“Data Scientist” is the sexiest job of the 21st century. The Harvard Business Review made this claim last October and it seems that everyone (including your grandmother) has been repeating it ever since.
But what exactly does a data scientist do and what specifically makes her/him sexy (aside from the clout and the big paycheck)? And perhaps, as importantly, what do you have to know -- and where do you get the “stuff” that you need -- to land the hottest gig of the 21st century?
To answer these questions, we’re providing you with an Infographic below (courtesy of FICO) and insights from some of the hottest companies in Big Data.
Data Scientist: Skills in Demand, Not Degrees
First off, there is no question that Data Scientists and Big Data Wranglers are in high demand. FICO recently reported that there was a 15,000% increase in job postings for data scientists between summer 2011 and summer 2012. Add to that that 1.5 million more data-literate managers will be needed by 2018, and you’ve got a lot of jobs.
But you won’t find many, if any, data scientists in the working world with “data scientist” on their diploma. In fact, some of the world’s most talked about data scientists didn’t know that they wanted to be data scientists when they began their careers, so getting that specific degree (and it’s doubtful that any formal data science programs existed at universities five years ago) probably isn’t key to being successful.
We did a quick perusal through the profiles of some of today’s leading data scientists to see what they were studying before they earned their fancy titles, here’s what we found: Jeff Hammerbacher and DJ Patil studied Mathematics; Hilary Mason studied Computer Science; Doug Cutting, co-founder of Hadoop, has an AB in linguistics and Jonathan Goldman one of LinkedIn’s earliest data scientists studied Physics.
And we’re pretty sure that few, if any, of these folks applied for a role as a “data scientist” when they got their first jobs, so if you’re not a data scientist right now, but you think that you’ve got what it takes to become one, there’s room for hope, and plenty of it.

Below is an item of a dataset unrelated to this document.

(* Let $D$ and $E$ be Banach spaces, $(\Omega,\mu)$ a measure space with a $\sigma$-additive $\sigma$-finite measure, and $A\subset L(D)$ a Banach algebra of operators isomorphic to $L^\infty_\mu(\Omega,L(E))$. Let $G$ be a discrete group and $g\mapsto T_g$ a representation of $G$ by isometries of $D$ with $T_gAT_g^{-1}=A$ for all $g$. If $G$ acts metrically freely (in the sense of the context), then $B(A,T_g)$ possesses property ( * ): for every finite sum $b=\sum_{g} a_gT_g$ with $a_g\in A$, $\|b\|\ge\|a_e\|$, where $e$ is the identity of $G$.
   Context: $B(A,T_g)$ is the closed subalgebra of $L(D)$ generated by $A$ and $\{T_g\}_{g\in G}$. $\hat T_g(a)=T_gaT_g^{-1}$ is an automorphism of $A$ and preserves its center $Z(A)\cong L^\infty_\mu(\Omega)$ (scalar-valued functions times the identity). For a measurable set $\Delta$, let $\chi_\Delta\in Z(A)$ be the element corresponding to its characteristic function; $\hat T_g(\chi_\Delta)$ is a central projection $\chi_{\tilde\Delta}$ and one sets $\alpha_g(\Delta)=\tilde\Delta$ (sets modulo null sets). $G$ acts metrically freely if for every finite $\{g_1,\dots,g_k\}\subset G$ and every measurable $\Delta$ with $\mu(\Delta)>0$ there is a measurable $\Delta'\subset\Delta$ with $\mu(\Delta')>0$ and $\mu(\alpha_{g_i}(\Delta')\cap\alpha_{g_j}(\Delta'))=0$ for $i\neq j$. *)

theory Defs
  imports "HOL-Analysis.Analysis" "HOL-Probability.Essential_Supremum"
begin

Consider that some of the companies that employ the world’s most prominent data scientists aren’t even sure of exactly what a data scientist’s academic background should look like.

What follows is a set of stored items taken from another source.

lemma corner_degrees_nonempty:
  assumes "\<not> in_stair 0 0"
  shows "corner_degrees \<noteq> {}"
proof (cases "b 1 = 0 \<and> a m = 0")
  case True
  then have "m \<noteq> 1"
    using assms in_stairI[of 1 0 0] by auto
  then have "a 1 + b (1 + 1) - 2 \<in> corner_degrees"
    unfolding corner_degrees_def using m_ge_1 by auto
  then show ?thesis by blast
next
  case False
  then show ?thesis
    unfolding corner_degrees_def by auto
qed

lemma corner_degree_attained:
  assumes "t \<in> corner_degrees"
  shows "\<exists>f :: 'k::field poly poly. homog t f \<and> is_prime_ideal (colon (monomial_ideal in_stair) f)"
proof -
  note closed = upward_closed_in_stair
  consider (inner) l where "1 \<le> l" "l \<le> m - 1" "t = a l + b (l + 1) - 2"
    | (left) "b 1 \<noteq> 0" "t = a 1 + b 1 - 1"
    | (right) "a m \<noteq> 0" "t = a m + b m - 1"
    using assms unfolding corner_degrees_def by (auto split: if_splits)
  then show ?thesis
  proof cases
    case inner
    have "a (l + 1) < a l" "b l < b (l + 1)"
      using inner a_strict_anti b_strict_mono by auto
    then have "colon (monomial_ideal in_stair) (xy_monom (a l - 1) (b (l + 1) - 1)) = ideal_xy"
      using inner inner_corner_not_in_stair in_stairI[of l] in_stairI[of "l + 1"]
      by (intro colon_monomial_ideal_eq_ideal_xy[OF closed]) auto
    moreover have "t = (a l - 1) + (b (l + 1) - 1)"
      using inner \<open>a (l + 1) < a l\<close> \<open>b l < b (l + 1)\<close> by linarith
    ultimately show ?thesis
      using homog_xy_monom is_prime_ideal_ideal_xy by metis
  next
    case left
    have "colon (monomial_ideal in_stair) (xy_monom (a 1) (b 1 - 1)) = ideal_y"
      using left m_ge_1 not_in_stair_if_less_b_first in_stairI[of 1]
      by (intro colon_monomial_ideal_eq_ideal_y[OF closed]) auto
    moreover have "t = a 1 + (b 1 - 1)"
      using left by simp
    ultimately show ?thesis
      using homog_xy_monom is_prime_ideal_ideal_y by metis
  next
    case right
    have "colon (monomial_ideal in_stair) (xy_monom (a m - 1) (b m)) = ideal_x"
      using right m_ge_1 not_in_stair_if_less_a_last in_stairI[of m]
      by (intro colon_monomial_ideal_eq_ideal_x[OF closed]) auto
    moreover have "t = (a m - 1) + b m"
      using right by simp
    ultimately show ?thesis
      using homog_xy_monom is_prime_ideal_ideal_x by metis
  qed
qed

"The particular set of skills required to perform data science in practice is both still being defined and hard to accumulate through conventional curricula,” says Ryan Goldman, Services and Training, marketing manager, Cloudera. He adds that the data scientist role is relatively new and mainly populated by “people who are better at statistics than any software engineer and better at software engineering than any statistician,” a phrase he’s borrowed from Josh Wills, Cloudera’s Director of Data Science.
Lisa Arthur, Chief Marketing Officer at Teradata adds that a softer set of skills is required as well
Companies are in need of employees who can sort through enormous data sets to find valuable insights, but few people have the right mix of technical and business know-how,” she says. “While an IT degree is helpful, it ultimately comes down to a potential employee’s softer skills. Can they identify insights that their more technical colleagues may not see? Can they present data-driven findings in a way that the board room understands? These are the types of questions companies are asking, and a degree cannot necessarily equip graduates with these skills.”

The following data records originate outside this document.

(* Let $\nu\in\mathbb{C}$, $k\in\mathbb{N}$, $\epsilon\in\{\pm1\}$, $E_0=-1/(2\epsilon\nu+2k+1)^2$, and $Y(z)=z^{\epsilon\nu+1/2}e^{-\frac{z}{2\epsilon\nu+2k+1}}\,{}_1F_1\!\left(-k,2\epsilon\nu+1,\frac{2z}{2\epsilon\nu+2k+1}\right)$. If there exists $M\in\mathbb{C}(z,E)$, regular at $E=E_0$, with $M(z,E_0)=-Y'(z)/Y(z)$ and $$H(z,E):=4M^2z^2+4z^2E-4M'z^2-4\nu^2+4z+1=O((E-E_0)^2)\quad(E\to E_0),$$ then $2\epsilon\nu+k\in\mathbb{N}$.
   Context: $'$ denotes $\partial/\partial z$. $H$ is the expression under the square root in the eigenfunction form $\psi=z\left(\frac{M}{\sqrt{-4E}}\mathcal{W}((-4E)^{-1/2},\nu,z\sqrt{-4E})+\mathcal{W}'((-4E)^{-1/2},\nu,z\sqrt{-4E})\right)/\sqrt H$, with $\mathcal W(\mu,\nu,z)$ a solution of $y''+\left(-\frac14+\frac{\mu}{z}+\frac{1/4-\nu^2}{z^2}\right)y=0$. $Y$ solves $4z^2Y''+(4E_0z^2+4z-4\nu^2+1)Y=0$. *)

theory Defs
  imports "HOL-Analysis.Analysis" "HOL-Computational_Algebra.Polynomial" "HOL-Library.Landau_Symbols"
begin

text \<open>Bivariate complex polynomials in (z, E), represented as polynomials in z whose
  coefficients are polynomials in E; bpoly p z E evaluates p at (z, E).\<close>
definition bpoly :: "complex poly poly \<Rightarrow> complex \<Rightarrow> complex \<Rightarrow> complex" where
  "bpoly p z E = poly (map_poly (\<lambda>c. poly c E) p) z"

text \<open>Terminating confluent hypergeometric function 1F1(-k, b, x) (all terms with j > k vanish).\<close>
definition hyp1F1_neg :: "nat \<Rightarrow> complex \<Rightarrow> complex \<Rightarrow> complex" where
  "hyp1F1_neg k b x =
     (\<Sum>j\<le>k. pochhammer (- of_nat k) j / pochhammer b j * x ^ j / fact j)"

definition E0 :: "complex \<Rightarrow> nat \<Rightarrow> complex \<Rightarrow> complex" where
  "E0 \<nu> k \<epsilon> = - 1 / (2 * \<epsilon> * \<nu> + 2 * of_nat k + 1) ^ 2"

definition Yfun :: "complex \<Rightarrow> nat \<Rightarrow> complex \<Rightarrow> complex \<Rightarrow> complex" where
  "Yfun \<nu> k \<epsilon> z =
     z powr (\<epsilon> * \<nu> + 1 / 2) * exp (- z / (2 * \<epsilon> * \<nu> + 2 * of_nat k + 1)) *
     hyp1F1_neg k (2 * \<epsilon> * \<nu> + 1) (2 * z / (2 * \<epsilon> * \<nu> + 2 * of_nat k + 1))"

definition Hfun :: "complex \<Rightarrow> (complex \<Rightarrow> complex \<Rightarrow> complex) \<Rightarrow> complex \<Rightarrow> complex \<Rightarrow> complex" where
  "Hfun \<nu> M z E = 4 * (M z E)^2 * z^2 + 4 * z^2 * E - 4 * deriv (\<lambda>w. M w E) z * z^2
                    - 4 * \<nu>^2 + 4 * z + 1"

end

theory Submission
  imports Defs "HOL-Computational_Algebra.Fundamental_Theorem_Algebra"
begin

text \<open>
  Put s = 2 \<epsilon> \<nu> + 1, c = 2 / (s + 2 k) and L(z) = 1F1(-k; s; c z), so that
  Y = z^(s/2) e^(-c z/2) L and M(z, E0) = -Y'/Y = -(s/(2z) - c/2 + L'/L).
  Vanishing of the E-derivative of H at E0 says that the rational function U = (\<partial>M/\<partial>E)(z, E0)
  satisfies U' = 2 M(z, E0) U + 1, and then V = U L^2 is a rational solution of
  z V' + (s - c z) V = z L^2.
  If 2 \<epsilon> \<nu> + k is not a natural number, s is not a positive integer, which rules out poles of V,
  so V is a polynomial. But the formal Gamma moment functional with weight z^(s-1) e^(-c z)
  annihilates z V' + (s - c z) V (integration by parts), whereas by the orthogonality of the
  Laguerre polynomial L its value on z L^2 is (s + 2 k)/c times its nonzero value on L^2.
\<close>

section \<open>Formal Gamma moments\<close>

text \<open>On derivatives G = y', kummer_op s c gives z y'' + (s - c z) y', the operator of Kummer's
  equation for 1F1(-k; s; c z).\<close>

definition kummer_op :: "complex \<Rightarrow> complex \<Rightarrow> complex poly \<Rightarrow> complex poly" where
  "kummer_op s c G = [:0, 1:] * pderiv G + [:s, - c:] * G"

lemma coeff_kummer_op:
  "coeff (kummer_op s c G) j =
     (of_nat j + s) * coeff G j - (case j of 0 \<Rightarrow> 0 | Suc i \<Rightarrow> c * coeff G i)"
  by (cases j) (auto simp: kummer_op_def coeff_pderiv algebra_simps)

lemma kummer_op_smult: "kummer_op s c (smult a G) = smult a (kummer_op s c G)"
  by (rule poly_eqI) (simp add: coeff_kummer_op algebra_simps split: nat.split)

lemma kummer_op_mult:
  "kummer_op s c (u * G) = [:0, 1:] * pderiv u * G + u * kummer_op s c G"
  by (simp add: kummer_op_def pderiv_mult algebra_simps)

lemma kummer_op_monom: "kummer_op s c (monom a e) = monom ((of_nat e + s) * a) e - monom (c * a) (Suc e)"
  by (rule poly_eqI) (auto simp: coeff_kummer_op coeff_monom split: nat.split)

text \<open>For Re s > 0, gamma_moment s c p = c^s / \<Gamma>(s) * (integral of z^(s-1) e^(-c z) p(z) over z > 0);
  the formal version makes sense for every s.\<close>

definition gamma_moment :: "complex \<Rightarrow> complex \<Rightarrow> complex poly \<Rightarrow> complex" where
  "gamma_moment s c p = (\<Sum>j\<le>degree p. coeff p j * pochhammer s j / c ^ j)"

lemma gamma_moment_eq_sum:
  assumes "degree p \<le> n"
  shows "gamma_moment s c p = (\<Sum>j\<le>n. coeff p j * pochhammer s j / c ^ j)"
  unfolding gamma_moment_def
  by (rule sum.mono_neutral_left) (use assms in \<open>auto simp: coeff_eq_0\<close>)

lemma gamma_moment_0 [simp]: "gamma_moment s c 0 = 0"
  by (simp add: gamma_moment_def)

lemma gamma_moment_1 [simp]: "gamma_moment s c 1 = 1"
  by (simp add: gamma_moment_def)

lemma gamma_moment_add: "gamma_moment s c (p + q) = gamma_moment s c p + gamma_moment s c q"
proof -
  define n where "n = max (degree p) (degree q)"
  have "degree (p + q) \<le> n" "degree p \<le> n" "degree q \<le> n"
    using degree_add_le_max[of p q] by (auto simp: n_def)
  then show ?thesis
    by (simp add: gamma_moment_eq_sum[where n = n] sum.distrib[symmetric] ring_distribs add_divide_distrib)
qed

lemma gamma_moment_smult: "gamma_moment s c (smult a p) = a * gamma_moment s c p"
  using degree_smult_le[of a p]
  by (simp add: gamma_moment_eq_sum[where n = "degree p"] sum_distrib_left mult_ac)

lemma gamma_moment_minus: "gamma_moment s c (- p) = - gamma_moment s c p"
  using gamma_moment_smult[of s c "- 1" p] by simp

lemma gamma_moment_diff: "gamma_moment s c (p - q) = gamma_moment s c p - gamma_moment s c q"
  using gamma_moment_add[of s c "p - q" q] by simp

lemma gamma_moment_sum: "gamma_moment s c (\<Sum>i\<in>A. f i) = (\<Sum>i\<in>A. gamma_moment s c (f i))"
  by (induction A rule: infinite_finite_induct) (simp_all add: gamma_moment_add)

lemma gamma_moment_pCons_0:
  assumes "c \<noteq> 0"
  shows "gamma_moment s c (pCons 0 p) = s / c * gamma_moment (s + 1) c p"
proof -
  have "gamma_moment s c (pCons 0 p) = (\<Sum>j\<le>Suc (degree p). coeff (pCons 0 p) j * pochhammer s j / c ^ j)"
    by (rule gamma_moment_eq_sum) (simp add: degree_pCons_le)
  also have "\<dots> = (\<Sum>j\<le>degree p. coeff p j * pochhammer s (Suc j) / c ^ Suc j)"
    by (subst sum.atMost_Suc_shift) simp
  also have "\<dots> = s / c * gamma_moment (s + 1) c p"
    using assms by (simp add: gamma_moment_def sum_distrib_left pochhammer_rec field_simps)
  finally show ?thesis .
qed

text \<open>Integration by parts: z^(s-1) e^(-c z) kummer_op s c G = (z^s e^(-c z) G)'.\<close>

lemma gamma_moment_kummer_op:
  assumes "c \<noteq> 0"
  shows "gamma_moment s c (kummer_op s c G) = 0"
proof -
  define F where "F j = coeff G j * pochhammer s (Suc j) / c ^ j" for j
  have step: "coeff (kummer_op s c G) (Suc j) * pochhammer s (Suc j) / c ^ Suc j = F (Suc j) - F j" for j
    using assms by (simp add: F_def coeff_kummer_op pochhammer_rec' field_simps)
  have "degree (kummer_op s c G) \<le> Suc (degree G)"
    by (rule degree_le) (auto simp: coeff_kummer_op coeff_eq_0 split: nat.split)
  then have "gamma_moment s c (kummer_op s c G) =
      (\<Sum>j\<le>Suc (degree G). coeff (kummer_op s c G) j * pochhammer s j / c ^ j)"
    by (rule gamma_moment_eq_sum)
  also have "\<dots> = s * coeff G 0 + (\<Sum>j<Suc (degree G). F (Suc j) - F j)"
    by (subst sum.atMost_Suc_shift, simp only: step lessThan_Suc_atMost) (simp add: coeff_kummer_op)
  also have "\<dots> = 0"
    by (simp only: sum_lessThan_telescope) (simp add: F_def coeff_eq_0)
  finally show ?thesis .
qed

lemma gamma_moment_dirichlet:
  assumes "c \<noteq> 0"
  shows "gamma_moment s c (pCons 0 (pderiv u * pderiv v)) = - gamma_moment s c (u * kummer_op s c (pderiv v))"
  using gamma_moment_kummer_op[OF assms, of s "u * pderiv v"]
  by (simp add: kummer_op_mult gamma_moment_add eq_neg_iff_add_eq_0)

section \<open>Kummer polynomials\<close>

definition kummer_coeff :: "nat \<Rightarrow> complex \<Rightarrow> nat \<Rightarrow> complex" where
  "kummer_coeff k s j = pochhammer (- of_nat k) j / (pochhammer s j * fact j)"

definition kummer_poly :: "nat \<Rightarrow> complex \<Rightarrow> complex \<Rightarrow> complex poly" where
  "kummer_poly k s c = (\<Sum>j\<le>k. monom (kummer_coeff k s j * c ^ j) j)"

lemma kummer_coeff_eq_0: "k < j \<Longrightarrow> kummer_coeff k s j = 0"
  by (auto simp: kummer_coeff_def pochhammer_eq_0_iff)

lemma kummer_coeff_0 [simp]: "kummer_coeff k s 0 = 1"
  by (simp add: kummer_coeff_def)

lemma coeff_kummer_poly: "coeff (kummer_poly k s c) j = kummer_coeff k s j * c ^ j"
  by (auto simp: kummer_poly_def coeff_sum kummer_coeff_eq_0)

lemma kummer_poly_0 [simp]: "kummer_poly 0 s c = 1"
  by (simp add: kummer_poly_def monom_0)

lemma kummer_poly_nonzero: "kummer_poly k s c \<noteq> 0"
  using coeff_kummer_poly[of k s c 0] by auto

lemma poly_kummer_poly: "poly (kummer_poly k s c) z = hyp1F1_neg k s (c * z)"
  by (simp add: kummer_poly_def hyp1F1_neg_def kummer_coeff_def poly_sum poly_monom
      power_mult_distrib mult_ac)

lemma kummer_coeff_Suc:
  assumes "n < k \<Longrightarrow> s + of_nat n \<noteq> 0"
  shows "(s + of_nat n) * (of_nat n + 1) * kummer_coeff k s (Suc n) = (of_nat n - of_nat k) * kummer_coeff k s n"
proof (cases "n < k")
  case True
  then have sn: "s + of_nat n \<noteq> 0" using assms by auto
  have n1: "(of_nat n + 1 :: complex) \<noteq> 0"
    by (metis of_nat_Suc of_nat_eq_0_iff nat.distinct(1) add.commute)
  have "kummer_coeff k s (Suc n) = pochhammer (- of_nat k) n * (of_nat n - of_nat k) /
      ((s + of_nat n) * (of_nat n + 1) * (pochhammer s n * fact n))"
    by (simp add: kummer_coeff_def pochhammer_rec' algebra_simps)
  then show ?thesis
    using sn n1 by (simp add: kummer_coeff_def mult_divide_mult_cancel_left_if mult.assoc[symmetric])
next
  case False
  then show ?thesis
    by (cases "n = k") (auto simp: kummer_coeff_eq_0)
qed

And though degree programs are emerging, it’s yet to be seen as to whose programs will be best and what their worth will be.
“For now given the scarcity of talent, learning about big data technologies thoroughly and being able to apply them consistently may be enough to land a job,” says Jonathan Ellis, Co-founder and CTO of DataStax.
Training is the Ticket to Fill the Data Scientist Gap
Degree programs may be great (once they’re here), but for those with the right backgrounds, training may be the ticket.
Even if plenty of Data Scientist degree programs were available at most universities (Note: we’re not taking anything away from those who have them), they wouldn’t provide the large number of data scientists that Enterprises need now. As a result, some Big Data vendors are offering training programs, some of which require deep technical and analytical abilities as prerequisites, others may be suitable for Java junkies and relational database DBA’s.
Cloudera, which prides itself in being an early leader in developing the next generation of data scientists, offers technical training for Big Data developers, administrators and analysts working on the Apache Hadoop platform as well as an Introduction to Data Science course that focuses on building recommender systems -- the sophisticated frameworks at the core of deep-data companies like Amazon.com and Netflix. These programs are offered via Cloudera University -- be sure to read the prerequisites. It’s also worth noting that Cloudera has created the industry’s first Data Scientist certification program.
For Java or relational database DBA’s who want to venture into the world of Big Data, DataStax offers training courses designed to teach engineers everything they need to build applications on Apache Cassandra and run Cassandra in production. They also cover complementary technologies such as Hadoop and Solr. A Java Developer Training course is currently being built, it will give participants hands-on experience with the Java driver for Apache Cassandra. Students who complete this course will be able to return to their jobs and start building on Cassandra right away. Find out more via DataStax Academy.
The Road to be a Data Scientist is No Cake Walk
So while we may have made working in the world of Big Data seem like an achievable goal, be mindful that it won’t be a cake walk.
Ted Dunning, Chief Architect at MapR has a nice way of putting it:
The key problem in big data is that data has mass and inertia and big data has a lot of it. The mathematically grounded skills related to building models are important, but to me the most important skill in big data is wrangling. Just like moving heavy things requires somebody qualified as a millwright, moving big data requires the skills necessary to handle big, massive data sets with apparent ease. Once you can do that, then you can use simple algorithms to solve hard problems.”